More than 140 political prisoners remain behind bars, not counting those sentenced for defending civil rights but charged with alleged common crimes, such as social dangerousness, assault, or receiving stolen property.

We are looking at a positive gesture from the government, influenced by hunger strikes, the marches of the Ladies in White, denunciations of the human rights violations, the internal economic crisis and the international disrepute of the regime, which seeks legitimacy to get external credits and to get the European Parliament to lift the so-called Common Position, which would improve its image and allow it to concentrate on the country’s basic problems, immersed in collective misery and generalized repression as it is.

But there is a history of prisoner released that eased the humanitarian crisis, without affecting the structure of domination established in the name of a Revolution that hit bottom with the Sovietization of Cuba, in the mid-seventies. From 1977-1979, the prison bars opened to more than 3,660 political prisoners. In 1998 101 prisoners of conscience were freed after Pope John Paul II’s visit to the island.

Such antecedents generate skepticism among groups of exiles and leaders of the opposition, who perceive the prisoner releases as a new media landscape with political purposes and faces far from the real actors: the peaceful opposition facing the military government.

It’s certain that neither the Havana Archbishop — Jaime Ortega Alaminos — nor the Spanish Foreign Minister — Miguel A. Moratinos — suffer the effects of the problem, but their intervention constitutes one point of the island’s political triangle, where the powers-that-be represent the point that exclusively moves the pieces, when they sing songs of protection and their adversary is approaching the goal.

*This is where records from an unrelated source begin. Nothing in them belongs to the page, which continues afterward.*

(* For every $\theta^{\max}\in(0,\pi]$ and every real $\theta<\theta^{\max}$, $$\sin\theta\ge \theta+\left(\frac{\sin\theta^{\max}-\theta^{\max}}{(\theta^{\max})^2}\right)\theta^2,$$ and for every $\theta^{\min}\in[-\pi,0)$ and every real $\theta>\theta^{\min}$, $$\sin\theta\le \theta+\left(\frac{\sin\theta^{\min}-\theta^{\min}}{(\theta^{\min})^2}\right)\theta^2.$$ Moreover, for all real $\theta$, $1-\tfrac12\theta^2\le\cos\theta\le 1$. *)

theory Defs
  imports Complex_Main
begin

end

theory Submission
  imports Defs
begin

text \<open>The coefficient \<open>g x = (sin x - x) / x\<^sup>2\<close> is non-increasing on \<open>(0, pi]\<close>: the numerator
  of \<open>g'\<close> is \<open>x (x (1 + cos x) - 2 sin x)\<close>, and by the half-angle formulas
  \<open>x (1 + cos x) - 2 sin x = 4 cos (x/2) ((x/2) cos (x/2) - sin (x/2)) \<le> 0\<close>.
  Hence for \<open>0 < t < tmax\<close> we get \<open>sin t - t = g t * t\<^sup>2 \<ge> g tmax * t\<^sup>2\<close>; for \<open>t \<le> 0\<close> the bound
  follows from \<open>sin t \<ge> t\<close> and \<open>g tmax \<le> 0\<close>. The bound for \<open>tmin < 0\<close> is its mirror image
  under the oddness of \<open>sin\<close>, and the cosine bound is \<open>cos t = 1 - 2 (sin (t/2))\<^sup>2\<close>.\<close>

lemma x_mult_cos_le_sin:
  fixes x :: real
  assumes "0 \<le> x" "x \<le> pi"
  shows "x * cos x \<le> sin x"
proof -
  let ?k = "\<lambda>x. sin x - x * cos x"
  have "?k 0 \<le> ?k x"
  proof (rule DERIV_nonneg_imp_nondecreasing[OF assms(1)])
    fix y assume y: "0 \<le> y" "y \<le> x"
    have "(?k has_real_derivative y * sin y) (at y)"
      by (auto intro!: derivative_eq_intros simp: algebra_simps)
    moreover have "y * sin y \<ge> 0"
      using y assms by (intro mult_nonneg_nonneg sin_ge_zero) auto
    ultimately show "\<exists>d. (?k has_real_derivative d) (at y) \<and> d \<ge> 0" by blast
  qed
  then show ?thesis by simp
qed

lemma x_mult_one_plus_cos_le_two_sin:
  fixes x :: real
  assumes "0 \<le> x" "x \<le> pi"
  shows "x * (1 + cos x) \<le> 2 * sin x"
proof -
  define y where "y = x / 2"
  have x_eq: "x = 2 * y" by (simp add: y_def)
  have "x * (1 + cos x) - 2 * sin x = 4 * cos y * (y * cos y - sin y)"
    unfolding x_eq cos_double_cos sin_double by (simp add: power2_eq_square algebra_simps)
  moreover have "cos y \<ge> 0" using assms by (intro cos_ge_zero) (auto simp: y_def)
  moreover have "y * cos y \<le> sin y" using assms by (intro x_mult_cos_le_sin) (auto simp: y_def)
  ultimately have "x * (1 + cos x) - 2 * sin x \<le> 0" by (simp add: mult_nonneg_nonpos)
  then show ?thesis by simp
qed

lemma sin_minus_id_div_square_antimono:
  fixes s t :: real
  assumes "0 < s" "s \<le> t" "t \<le> pi"
  shows "(sin t - t) / t\<^sup>2 \<le> (sin s - s) / s\<^sup>2"
proof (rule DERIV_nonpos_imp_nonincreasing[OF assms(2)])
  fix x assume x: "s \<le> x" "x \<le> t"
  then have "x > 0" using assms by auto
  define d where "d = x * (x * (1 + cos x) - 2 * sin x) / (x\<^sup>2)\<^sup>2"
  have "((\<lambda>x. (sin x - x) / x\<^sup>2) has_real_derivative d) (at x)"
    using \<open>x > 0\<close> unfolding d_def
    by (auto intro!: derivative_eq_intros simp: power2_eq_square algebra_simps)
  moreover have "x * (1 + cos x) \<le> 2 * sin x"
    using x assms by (intro x_mult_one_plus_cos_le_two_sin) auto
  then have "d \<le> 0"
    using \<open>x > 0\<close> unfolding d_def by (intro divide_nonpos_nonneg mult_nonneg_nonpos) auto
  ultimately show "\<exists>d. ((\<lambda>x. (sin x - x) / x\<^sup>2) has_real_derivative d) (at x) \<and> d \<le> 0"
    by blast
qed

lemma sin_ge_quadratic_bound:
  fixes tmax t :: real
  assumes "0 < tmax" "tmax \<le> pi" "t < tmax"
  shows "t + ((sin tmax - tmax) / tmax\<^sup>2) * t\<^sup>2 \<le> sin t"
proof (cases "t \<le> 0")
  case True
  have "sin (-t) \<le> -t" using True by (intro sin_x_le_x) auto
  moreover have "sin tmax \<le> tmax" using assms by (intro sin_x_le_x) auto
  then have "((sin tmax - tmax) / tmax\<^sup>2) * t\<^sup>2 \<le> 0"
    by (intro mult_nonpos_nonneg divide_nonpos_nonneg) auto
  ultimately show ?thesis by simp
next
  case False
  have "((sin tmax - tmax) / tmax\<^sup>2) * t\<^sup>2 \<le> (sin t - t) / t\<^sup>2 * t\<^sup>2"
    using False assms by (intro mult_right_mono sin_minus_id_div_square_antimono) auto
  also have "\<dots> = sin t - t" using False by simp
  finally show ?thesis by simp
qed

lemma sin_le_quadratic_bound:
  fixes tmin t :: real
  assumes "-pi \<le> tmin" "tmin < 0" "tmin < t"
  shows "sin t \<le> t + ((sin tmin - tmin) / tmin\<^sup>2) * t\<^sup>2"
proof -
  have "-t + ((sin (-tmin) - (-tmin)) / (-tmin)\<^sup>2) * (-t)\<^sup>2 \<le> sin (-t)"
    using assms by (intro sin_ge_quadratic_bound) auto
  moreover have "(sin (-tmin) - (-tmin)) / (-tmin)\<^sup>2 = - ((sin tmin - tmin) / tmin\<^sup>2)"
    by (simp add: minus_divide_left)
  ultimately show ?thesis by (simp only: power2_minus sin_minus)
qed

lemma cos_ge_one_minus_square_half:
  fixes t :: real
  shows "1 - t\<^sup>2 / 2 \<le> cos t"
proof -
  have "\<bar>sin (t/2)\<bar> \<le> \<bar>t/2\<bar>" by (rule abs_sin_x_le_abs_x)
  then have "(sin (t/2))\<^sup>2 \<le> (t/2)\<^sup>2" by (metis abs_le_square_iff)
  moreover have "cos t = 1 - 2 * (sin (t/2))\<^sup>2" using cos_double_sin[of "t/2"] by simp
  ultimately show ?thesis by (simp add: power2_eq_square)
qed

theorem corollary3:
  shows "(\<forall>tmax::real. \<forall>t::real. 0 < tmax \<and> tmax \<le> pi \<and> t < tmax \<longrightarrow>
            sin t \<ge> t + ((sin tmax - tmax) / tmax\<^sup>2) * t\<^sup>2)
       \<and> (\<forall>tmin::real. \<forall>t::real. -pi \<le> tmin \<and> tmin < 0 \<and> t > tmin \<longrightarrow>
            sin t \<le> t + ((sin tmin - tmin) / tmin\<^sup>2) * t\<^sup>2)
       \<and> (\<forall>t::real. 1 - t\<^sup>2 / 2 \<le> cos t \<and> cos t \<le> 1)"
  using sin_ge_quadratic_bound sin_le_quadratic_bound cos_ge_one_minus_square_half by auto

end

The release of the prisoners of conscience shows the weakness of the Castro regime. Perhaps the beginning of the end, but it is hasty to think that it represents an essential change in the transition to democracy. There are no social changes without internal movements and international pressure. How do we access the highway of freedom without throwing off the blinders of fear and the masks of the group anchored in power? The path of light passes through the test tunnel.